## TASK DETAILS:
Your answer is one number, how many lines in the entries include "lambda".

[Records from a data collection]
lemma riesz_representation:
  assumes add: "\<And>u v. f (u + v) = f u + f v" and scale: "\<And>c u. f (smul c u) = c * f u"
    and "finite K" and support: "\<And>k v. k \<notin> K \<Longrightarrow> v \<in> W k \<Longrightarrow> f v = 0"
  shows "\<exists>r. \<forall>w. f w = B w r"
proof -
  interpret f: additive f
    by unfold_locales (rule add)
  obtain S where S: "\<And>k. finite (S k) \<and> W k \<subseteq> span (S k)"
    using finite_dim by metis
  have "finite (\<Union>k\<in>K. S k)"
    using \<open>finite K\<close> S by blast
  from representer_on_span[OF this add scale]
  obtain r where r: "\<forall>s\<in>span (\<Union>k\<in>K. S k). f s = B s r"
    by blast
  obtain J d where J: "finite J" "\<forall>j\<in>J. d j \<in> W j" "r = (\<Sum>j\<in>J. d j)"
    using decomposition by blast
  \<comment> \<open>r itself need not vanish off K; its truncation to K represents f everywhere.\<close>
  define r' where "r' = (\<Sum>j\<in>J \<inter> K. d j)"
  have homogeneous: "f w = B w r'" if w: "w \<in> W k" for w k
  proof (cases "k \<in> K")
    case True
    have "w \<in> span (\<Union>k\<in>K. S k)"
      using w True S[of k] span_mono[of "S k" "\<Union>k\<in>K. S k"] by blast
    then have "f w = B w r"
      using r by blast
    also have "\<dots> = B w r'"
      using inner_sum_homogeneous[OF w] J True by (simp add: r'_def)
    finally show ?thesis .
  next
    case False
    then show ?thesis
      using support w inner_sum_homogeneous[OF w, of "J \<inter> K" d] J by (simp add: r'_def)
  qed
  have "\<forall>w. f w = B w r'"
  proof
    fix w
    obtain M e where M: "finite M" "\<forall>m\<in>M. e m \<in> W m" "w = (\<Sum>m\<in>M. e m)"
      using decomposition by blast
    then show "f w = B w r'"
      using homogeneous by (auto simp: f.sum sum_left intro!: sum.cong)
  qed
  then show ?thesis by blast
qed

lemma bij_betw_representer:
  "bij_betw (\<lambda>r w. B w r) UNIV
     {f. (\<forall>u v. f (u + v) = f u + f v) \<and> (\<forall>c u. f (smul c u) = c * f u)
       \<and> (\<exists>K. finite K \<and> (\<forall>k. k \<notin> K \<longrightarrow> (\<forall>v\<in>W k. f v = 0)))}"
proof (rule bij_betw_imageI)
  show "inj (\<lambda>r w. B w r)"
    by (rule injI) (metis representer_unique)
  show "range (\<lambda>r w. B w r) = {f. (\<forall>u v. f (u + v) = f u + f v) \<and> (\<forall>c u. f (smul c u) = c * f u)
       \<and> (\<exists>K. finite K \<and> (\<forall>k. k \<notin> K \<longrightarrow> (\<forall>v\<in>W k. f v = 0)))}"
  proof (intro equalityI subsetI)
    show "f \<in> range (\<lambda>r w. B w r)" if f: "f \<in> {f. (\<forall>u v. f (u + v) = f u + f v)
       \<and> (\<forall>c u. f (smul c u) = c * f u) \<and> (\<exists>K. finite K \<and> (\<forall>k. k \<notin> K \<longrightarrow> (\<forall>v\<in>W k. f v = 0)))}"
      for f
    proof -
      obtain K where "\<forall>u v. f (u + v) = f u + f v" "\<forall>c u. f (smul c u) = c * f u" "finite K"
        "\<forall>k. k \<notin> K \<longrightarrow> (\<forall>v\<in>W k. f v = 0)"
        using f by blast
      then obtain r where "\<forall>w. f w = B w r"
        using riesz_representation[of f K] by blast
      then show ?thesis
        by (auto simp: fun_eq_iff)
    qed
  qed (use representer_finite_support in \<open>auto simp: add_left scale_left\<close>)
qed

end

lemma VOSA_vector_space: "VOSA smul Y vac om \<Longrightarrow> vector_space smul"
  unfolding VOSA_def by (elim conjE)

context
  fixes smul :: "complex \<Rightarrow> 'v::ab_group_add \<Rightarrow> 'v" and Y :: "'v \<Rightarrow> int \<Rightarrow> 'v \<Rightarrow> 'v"
    and vac om :: 'v
  assumes VOSA: "VOSA smul Y vac om"
begin

interpretation vector_space smul
  using VOSA by (rule VOSA_vector_space)

lemma VOSA_Virasoro:
  "\<exists>cc::complex. \<forall>m n v.
        Lop Y om m (Lop Y om n v) - Lop Y om n (Lop Y om m v)
        = smul (of_int (m - n)) (Lop Y om (m + n) v)
          + (if m + n = 0 then smul ((of_int m ^ 3 - of_int m) / 12 * cc) v else 0)"
  using VOSA unfolding VOSA_def by (elim conjE)

lemma VOSA_weight_decomposition:
  "\<forall>v. \<exists>K c. finite K \<and> (\<forall>k\<in>K. c k \<in> wsp smul Y om k) \<and> v = (\<Sum>k\<in>K. c k)"
  using VOSA unfolding VOSA_def by (elim conjE)

lemma VOSA_weight_space_finite_dim:
  "\<forall>k. \<exists>S. finite S \<and> wsp smul Y om k \<subseteq> module.span smul S"
  using VOSA unfolding VOSA_def by (elim conjE)

lemma VOSA_creation_vanishing: "\<forall>u n. n \<ge> 0 \<longrightarrow> Y u n vac = 0"
  using VOSA unfolding VOSA_def by (elim conjE)

lemma VOSA_creation: "\<forall>u. Y u (-1) vac = u"
  using VOSA unfolding VOSA_def by (elim conjE)

lemma VOSA_mode_zero: "Y 0 n v = 0" "Y a n 0 = 0"
proof -
  have "\<forall>a b n v. Y (a + b) n v = Y a n v + Y b n v"
    using VOSA unfolding VOSA_def by (elim conjE)
  moreover have "\<forall>a n u v. Y a n (u + v) = Y a n u + Y a n v"
    using VOSA unfolding VOSA_def by (elim conjE)
  ultimately show "Y 0 n v = 0" "Y a n 0 = 0"
    using additive.zero[of "\<lambda>a. Y a n v"] additive.zero[of "Y a n"] by (simp_all add: additive_def)
qed

text \<open>The Virasoro relation applied to the vacuum, with \<omega> = L(-2)\<one>.\<close>

lemma VOSA_L1_conformal: "Lop Y om 1 om = 0"
  and VOSA_conformal_weight: "om \<in> wsp smul Y om 4"
proof -
  obtain cc where vir: "\<And>m n v. Lop Y om m (Lop Y om n v) - Lop Y om n (Lop Y om m v)
        = smul (of_int (m - n)) (Lop Y om (m + n) v)
          + (if m + n = 0 then smul ((of_int m ^ 3 - of_int m) / 12 * cc) v else 0)"
    using VOSA_Virasoro by blast
  note vac = VOSA_creation_vanishing[rule_format] VOSA_creation[rule_format] VOSA_mode_zero
  show "Lop Y om 1 om = 0"
    using vir[of 1 "-2" vac] vac by (simp add: Lop_def)
  have "Lop Y om 0 om = smul 2 om"
    using vir[of 0 "-2" vac] vac by (simp add: Lop_def)
  then show "om \<in> wsp smul Y om 4"
    by (simp add: wsp_def)
qed

text \<open>Since L(1)\<omega> = 0, only the j = 0 term survives in the opposite vertex operator of \<omega>.\<close>

lemma VOSA_opp_mode_conformal: "opp_mode smul Y om om 4 1 u = Lop Y om 0 u"
proof -
  have "(Lop Y om 1 ^^ Suc i) om = 0" for i
    using VOSA_L1_conformal VOSA_mode_zero by (induction i) (simp_all add: Lop_def)
  then have "opp_mode smul Y om om 4 1 u = Sum_any (\<lambda>j::nat. if j = 0 then Lop Y om 0 u else 0)"
    unfolding opp_mode_def using VOSA_mode_zero
    by (intro arg_cong[where f = Sum_any]) (auto simp: Lop_def fun_eq_iff gr0_conv_Suc)
  then show ?thesis
    by simp
qed

end

text \<open>Invariance of B applied to \<omega> (fixed by \<phi>) says that L(0) is symmetric.\<close>

lemma unitary_weight_spaces_orthogonal:
  assumes "VOSA smul Y vac om" and "phi om = om" and "hermitian_space smul B"
    and invariant: "\<And>a k n u v. a \<in> wsp smul Y om k \<Longrightarrow>
              B (opp_mode smul Y om a k n u) v = B u (Y (phi a) n v)"
    and "u \<in> wsp smul Y om k" and "v \<in> wsp smul Y om l" and "k \<noteq> l"
  shows "B u v = 0"
proof (rule hermitian_space.eigenvectors_orthogonal[OF \<open>hermitian_space smul B\<close>])
  show "B (Lop Y om 0 x) y = B x (Lop Y om 0 y)" for x y
    using invariant[OF VOSA_conformal_weight[OF assms(1)], of 1 x y]
      VOSA_opp_mode_conformal[OF assms(1)] \<open>phi om = om\<close>
    by (simp add: Lop_def)
  show "Lop Y om 0 u = smul (of_real (of_int k / 2)) u" "Lop Y om 0 v = smul (of_real (of_int l / 2)) v"
    using assms(5,6) by (simp_all add: wsp_def)
  show "(of_int k / 2 :: real) \<noteq> of_int l / 2"
    using \<open>k \<noteq> l\<close> by simp
qed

## REPLY TO THE EXERCISE:
6